“Peace is not something you wish for,” Sir Richard Branson said Tuesday night at UCI’s Student Center. “It’s something you make, something you do, something you are, something you give back.” Steve Zylius / University Communications

Sir Richard Branson speaks at Living Peace Series

British industrialist discusses fostering world harmony through entrepreneurial problem solving.

Sir Richard Branson, the world-renowned British industrialist who built the Virgin Group into more than 360 companies, limped into the UC Irvine Student Center’s Pacific Ballroom on Tuesday night, still recovering from leg surgery. But he was off and running once he began speaking to the standing-room-only crowd.

In a discussion that ranged from space tourism to the merits of conciliation versus war, the knighted Branson never lost track of the evening’s theme: fostering world harmony through entrepreneurial problem solving.

“Peace is not something you wish for,” he said at the second Living Peace Series talk, co-sponsored by UCI and the Center for Living Peace, Orange County. “It’s something you make, something you do, something you are, something you give back. In America, there are many institutions that teach people how to kill – billions of dollars are spent on that. But how many universities teach reconciliation instead of war? If we spent more time teaching negotiation for peace, a lot of conflicts could be avoided.”

Branson’s nonprofit foundation, Virgin Unite, teams governments, business leaders and volunteers to forge solutions to global ills. In an effort to head off war, for example, a VU group in 2003 tried to convince Saddam Hussein to leave Iraq – too late, as it turned out. The organization also has worked behind the scenes in Zimbabwe to help establish a coalition government. In the U.S., a VU task force is targeting the proliferation of street children. And Branson has commissioned a study of drug enforcement policies around the world.

“America’s drug policy is the most oppressive on its poor people and black community when it comes to jailing the drug user,” he said. “We hope this commission can come up with some different ideas, because if you spent the same money on drug rehab that you spent in prisons, the results would be massively better.”

Questions from the audience gave Branson a chance to expound on other topics.

On Virgin Galactic space travel: “Within 10 years, we will have taken more people into space than NASA has in 60 years.
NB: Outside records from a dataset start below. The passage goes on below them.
text \<open>Trace norm: sum of singular values, i.e. sum of square roots of the eigenvalues
  (with multiplicity) of A^dagger A.\<close>
definition trace_norm :: "complex mat \<Rightarrow> real" where
  "trace_norm A = (let es = (SOME es. char_poly (mat_adjoint A * A) = (\<Prod>e\<leftarrow>es. [:- e, 1:]))
                   in (\<Sum>e\<leftarrow>es. sqrt (Re e)))"

definition mat_trace :: "complex mat \<Rightarrow> complex" where
  "mat_trace A = (\<Sum>i<dim_row A. A $$ (i,i))"

datatype pauli = PI | PX | PY | PZ

definition pauli_mat :: "pauli \<Rightarrow> complex mat" where
  "pauli_mat p = (case p of
      PI \<Rightarrow> mat_of_rows_list 2 [[1, 0], [0, 1]]
    | PX \<Rightarrow> mat_of_rows_list 2 [[0, 1], [1, 0]]
    | PY \<Rightarrow> mat_of_rows_list 2 [[0, -\<i>], [\<i>, 0]]
    | PZ \<Rightarrow> mat_of_rows_list 2 [[1, 0], [0, -1]])"

fun pauli_obs :: "pauli list \<Rightarrow> complex mat" where
  "pauli_obs [] = 1\<^sub>m 1"
| "pauli_obs (p # ps) = kron (pauli_mat p) (pauli_obs ps)"

definition nonid_paulis :: "nat \<Rightarrow> pauli list set" where
  "nonid_paulis n = {ps. length ps = n \<and> ps \<noteq> replicate n PI}"

definition A_map :: "nat \<Rightarrow> nat \<Rightarrow> nat \<Rightarrow> complex mat \<Rightarrow> complex mat \<Rightarrow> complex mat \<Rightarrow> complex mat" where
  "A_map k n m M \<Sigma> \<rho> = ptrace_keep k (n + m) (M * kron \<Sigma> \<rho> * mat_adjoint M)"

end

theory Submission
  imports Defs "HOL-Analysis.Convex"
begin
When you have governments involved, it’s always going to cost a billion dollars a shot.”

On entrepreneurship: “People will try to convince you that you’re wrong to do what you’re doing – that it’s not original, that you should get a safe job. The only way to prove them wrong is to move on and do it. Ninety of 100 ideas do fall by the wayside, but as my book title says, ‘Screw it, let’s do it.’”
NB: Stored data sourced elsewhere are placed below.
lemma orthogonal_if_norm_minimal:
  assumes "\<And>t. norm w \<le> norm (w + scaleC t m)"
  shows "cinner w m = 0"
proof (cases "m = 0")
  case False
  have "(norm w)\<^sup>2 \<le> (norm w)\<^sup>2 - (cmod (cinner w m))\<^sup>2 / (norm m)\<^sup>2"
    unfolding norm_add_scaleC_optimal[OF False, symmetric] using assms by (simp add: power_mono)
  then show ?thesis using False by (simp add: divide_le_0_iff)
qed simp

lemma parallelogram_law:
  fixes x y :: "'a::chilbert"
  shows "(norm (x + y))\<^sup>2 + (norm (x - y))\<^sup>2 = 2 * (norm x)\<^sup>2 + 2 * (norm y)\<^sup>2"
  using norm_add_sq[of x y] norm_diff_sq[of x y] by simp

lemma Cauchy_if_norm_sq_minimizing:
  fixes X :: "nat \<Rightarrow> 'a::chilbert"
  assumes X_in: "\<And>n. X n \<in> C"
    and midpoint: "\<And>x y. x \<in> C \<Longrightarrow> y \<in> C \<Longrightarrow> scaleR (1/2) (x + y) \<in> C"
    and d_le: "\<And>x. x \<in> C \<Longrightarrow> d \<le> (norm x)\<^sup>2"
    and X_small: "\<And>n. (norm (X n))\<^sup>2 < d + inverse (real (Suc n))"
  shows "Cauchy X"
proof (rule CauchyI)
  have X_close: "(norm (X m - X n))\<^sup>2 \<le> 2 * inverse (real (Suc m)) + 2 * inverse (real (Suc n))"
    for m n
  proof -
    have "d \<le> (norm (scaleR (1/2) (X m + X n)))\<^sup>2"
      by (rule d_le[OF midpoint[OF X_in X_in]])
    then have "4 * d \<le> (norm (X m + X n))\<^sup>2"
      by (simp add: power2_eq_square)
    then show ?thesis
      using parallelogram_law[of "X m" "X n"] X_small[of m] X_small[of n] by linarith
  qed
  fix e :: real
  assume "0 < e"
  then obtain M where M: "inverse (real (Suc M)) < e\<^sup>2 / 4"
    using reals_Archimedean[of "e\<^sup>2 / 4"] by auto
  have "norm (X m - X n) < e" if "M \<le> m" "M \<le> n" for m n
  proof -
    have "inverse (real (Suc m)) \<le> inverse (real (Suc M))"
      "inverse (real (Suc n)) \<le> inverse (real (Suc M))"
      using that by (simp_all add: le_imp_inverse_le)
    then have "(norm (X m - X n))\<^sup>2 < e\<^sup>2"
      using X_close[of m n] M by linarith
    then show ?thesis
      using \<open>0 < e\<close> by (simp add: power_less_imp_less_base)
  qed
  then show "\<exists>M. \<forall>m\<ge>M. \<forall>n\<ge>M. norm (X m - X n) < e" by blast
qed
And to a little girl who asked how she could help: “Are there people in your neighborhood who are less fortunate than you? Help them – maybe take them a little bit of hot soup. Start in any small way you can, and you’ll feel good about yourself.”

The next scheduled speaker in the Living Peace Series is His Holiness the XIV Dalai Lama, who will share his views on ethical leadership at 2:30 p.m. Wednesday, May 4, at UCI’s Bren Events Center. Ticket information will be posted Tuesday, March 22, on the Living Peace Series website.